Dr Hannah O’Regan, Department of Classics and Archaeology
Historical records and archaeological remains can help recover some agency and individualism for these well-travelled bears. Our Box Office Bears project brings together twenty-first-century ancient DNA analyses and contemporary eyewitness descriptions to find out what the bears of the past were like. Several assemblages of sixteenth-century bear and dog bones were discovered during excavations on London’s Bankside – a rare instance in which archaeological material is matched with a substantial extant documentary record. Our ongoing scientific study will tell us what species these bears were, what they ate, and where they came from. Contemporary visitors to Bankside help put these details into painful context; dramatist Thomas Dekker expressed the “pity” moved in his breast at witnessing a blind bear whipped at the stake, drawing proto-Marxist parallels about the conflict between rich and poor and society’s inhumane treatment of the homeless. A German visitor to Bankside in 1584 recalled an immersive performance, involving animals, women, and men, punctuated by exploding giant flowers and raining fruit.

Such records demonstrate how central animals were to the Renaissance. They encourage us to look beyond Leonardo’s arrestingly curious but literally disembodied object of anatomical enquiry and start to suggest Renaissance bears’ behaviour, personality, and celebrity. Although England’s bears likely arrived from elsewhere, they were quickly made part of national and regional culture. Many were celebrities: we hear about the fame and notoriety of Harry Hunks, Sackerson, and George Stone. Many were also closely associated with particular English locations, such as Judith of Cambridge or Ned of Canterbury. These geographical names suggest early regional fan cultures. Records from Cheshire show individuals arrested for asserting the town pride of Congleton in matters of blood sport, as well as the regulation of participants; one bearbaiting stipulated that “no Chester men” could carry staffs, but that “a Countryman indifferent for them” should be responsible for managing dogs active in sport.

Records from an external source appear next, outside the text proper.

(* In the setting below, let $\tilde B_\circ$ be the $m\times n$ extended exchange matrix of the initial seed $(\mathbf{x}(t_\circ),\mathbf{y}(t_\circ),B(t_\circ))$ of the original pattern. Then the new initial seed $(\bar{\mathbf x}(t_\circ),\bar{\mathbf y}(t_\circ),B(t_\circ))$ has extended exchange matrix $\overline{\tilde B}_\circ=\Psi\tilde B_\circ$, where $\Psi=(\psi_{ij})$ is the $\bar m\times m$ integer matrix defined by $\psi(x_j)=\prod_{i=1}^{\bar m}\bar x_i^{\psi_{ij}}$. Setting: $n\le m$, $n\le\bar m$; $\mathcal F,\bar{\mathcal F}$ are the fields of rational functions in $x_1,\dots,x_m$ and $\bar x_1,\dots,\bar x_{\bar m}$; $\varphi:\mathbb{Q}_{\mathrm{sf}}(x_1,\dots,x_m)\to\mathrm{Trop}(\bar x_{n+1},\dots,\bar x_{\bar m})$ is a semifield homomorphism; $\psi:\mathbb{Q}_{\mathrm{sf}}(x_1,\dots,x_m)\to\mathbb{Q}_{\mathrm{sf}}(\bar x_1,\dots,\bar x_{\bar m})$ is the semifield homomorphism with $\psi(x_i)=\bar x_i\varphi(x_i)$ for $i\le n$, $\psi(x_i)=\varphi(x_i)$ for $i>n$; $(\mathbf{x}(t),\mathbf{y}(t),B(t))_{t\in\mathbb{T}_n}$ is a seed pattern in $\mathcal F$ with frozen variables $x_{n+1},\dots,x_m$ and initial cluster $\mathbf{x}(t_\circ)=(x_1,\dots,x_n)$; and $\bar x_{i;t}=\psi(x_{i;t})/\varphi(x_{i;t})$, $\bar y_{k;t}=\varphi(y_{k;t})\prod_{i=1}^n\varphi(x_{i;t})^{b^t_{ik}}$, which form a seed pattern in $\bar{\mathcal F}$ with frozen variables $\bar x_{n+1},\dots,\bar x_{\bar m}$.
   Context: $\mathbb{Q}_{\mathrm{sf}}(u_1,\dots,u_l)$ is the semifield of subtraction-free rational expressions; $\mathrm{Trop}(u_1,\dots,u_l)$ is the group of Laurent monomials with $\prod u_j^{a_j}\oplus\prod u_j^{b_j}=\prod u_j^{\min(a_j,b_j)}$. A seed pattern in $\mathcal F$ with frozen variables $x_{n+1},\dots,x_m$ assigns to each vertex $t$ of the $n$-regular tree $\mathbb{T}_n$ (edges labeled $1,\dots,n$, distinct labels at each vertex) a triple $(\mathbf{x}(t),\mathbf{y}(t),B(t))$ with $\mathbf{x}(t)=(x_{1;t},\dots,x_{n;t})$ such that $x_{1;t},\dots,x_{n;t},x_{n+1},\dots,x_m$ freely generate $\mathcal F$, $\mathbf y(t)=(y_{1;t},\dots,y_{n;t})\in\mathrm{Trop}(x_{n+1},\dots,x_m)^n$, $B(t)=(b^t_{ij})$ skew-symmetrizable, related along each edge $t\overset{k}{-}t'$ by matrix mutation $\mu_k$, tropical $y$-mutation ($y_{k;t'}=y_{k;t}^{-1}$, $y_{j;t'}=y_{j;t}y_{k;t}^{\max(b^t_{kj},0)}(y_{k;t}\oplus1)^{-b^t_{kj}}$ for $j\neq k$), $x_{i;t'}=x_{i;t}$ ($i\ne k$) and $x_{k;t}x_{k;t'}=(y_{k;t}\prod_{b^t_{ik}>0}x_{i;t}^{b^t_{ik}}+\prod_{b^t_{ik}<0}x_{i;t}^{-b^t_{ik}})/(y_{k;t}\oplus1)$. The extended exchange matrix of a seed $(\mathbf x,\mathbf y,B)$ with frozen variables $x_{n+1},\dots,x_m$ is the $m\times n$ matrix $\tilde B=(b_{ik})$ whose top $n\times n$ part is $B$ and whose remaining entries are determined by $y_k=\prod_{i=n+1}^m x_i^{b_{ik}}$ (and analogously with $\bar m$ and $\bar x_i$ for the new pattern). *)

theory Defs
  imports Complex_Main
begin
lemma sminus_add: "sminus (a + b) = sminus a + sminus (b::'g::linordered_ab_group_add smax)"
  and sminus_mult_left: "sminus (a * b) = sminus a * (b::'g::linordered_ab_group_add smax)"
  and sminus_mult_right: "sminus (a * b) = a * sminus (b::'g::linordered_ab_group_add smax)"
  unfolding smax_defs by (cases a; cases b; auto)+

lemma sminus_mult_sminus: "sminus a * sminus b = a * (b::'g::linordered_ab_group_add smax)"
  by (simp flip: sminus_mult_left sminus_mult_right)

lemma power_sminus_1: "sminus 1 ^ i = (if even i then 1 else sminus (1::'g::linordered_ab_group_add smax))"
  by (induction i) (auto simp: smax_defs)

lemma mod_less_sminus_iff: "mod_less (sminus a) b \<longleftrightarrow> mod_less a (b::'g::linordered_ab_group_add smax)"
  unfolding mod_less_def by (cases a) (auto simp: smax_defs)

lemma nabla_refl: "nabla a (a::'g::linordered_ab_group_add smax)"
  unfolding nabla_def balanced_def by (simp add: sminus_add add.commute)

lemma nabla_sym: "nabla a b \<Longrightarrow> nabla b (a::'g::linordered_ab_group_add smax)"
  unfolding nabla_def balanced_def by (metis add.commute sminus_add sminus_sminus)

lemma nabla_mult: "nabla a b \<Longrightarrow> nabla (c * a) (c * (b::'g::linordered_ab_group_add smax))"
  unfolding nabla_def balanced_def by (metis distrib_left sminus_mult_right)

lemma signed_nabla_mod_le:
  "signed a \<Longrightarrow> a \<noteq> 0 \<Longrightarrow> nabla a b \<Longrightarrow> mod_le a (b::'g::linordered_ab_group_add smax)"
  unfolding nabla_def balanced_def signed_def mod_le_def smax_defs
  by (cases a; cases b) (auto split: if_splits)

lemma signed_nabla_eq: "signed a \<Longrightarrow> signed b \<Longrightarrow> nabla a b \<Longrightarrow> a = (b::'g::linordered_ab_group_add smax)"
  unfolding nabla_def balanced_def signed_def smax_defs
  by (cases a; cases b) (auto split: if_splits)

lemma signed_mult: "signed a \<Longrightarrow> signed b \<Longrightarrow> signed (a * (b::'g::linordered_ab_group_add smax))"
  unfolding signed_def smax_defs by (cases a; cases b) auto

Elsewhere, explicit competition between Lancastrians, Shropshiremen, and Londoners suggests that animal sport drew the kind of place-based fan culture we now associate with football.

At its centre were the personalities of the bears. These are hard to recover at a distance and through the human cruelty that frames the historical record. Yet bears are often depicted as “brave,” and sometimes commentators emphasise the “old” age of longstanding bears, emphasising their enduring cultural presence. Similar language was applied to bulls, also part of the baiting industry: William Faunt of Leicestershire wrote fondly of his old “Star of the West,” “a very easy bull.” Here we have a sense of early modern animals as individuals with agency and personality. The 1608 bearward’s diary also suggests something of how such personality may be expressed, with occasional payments for “the harme which the bears did” (presumably to the surroundings) or for an oil to apply to and care for a blind bear.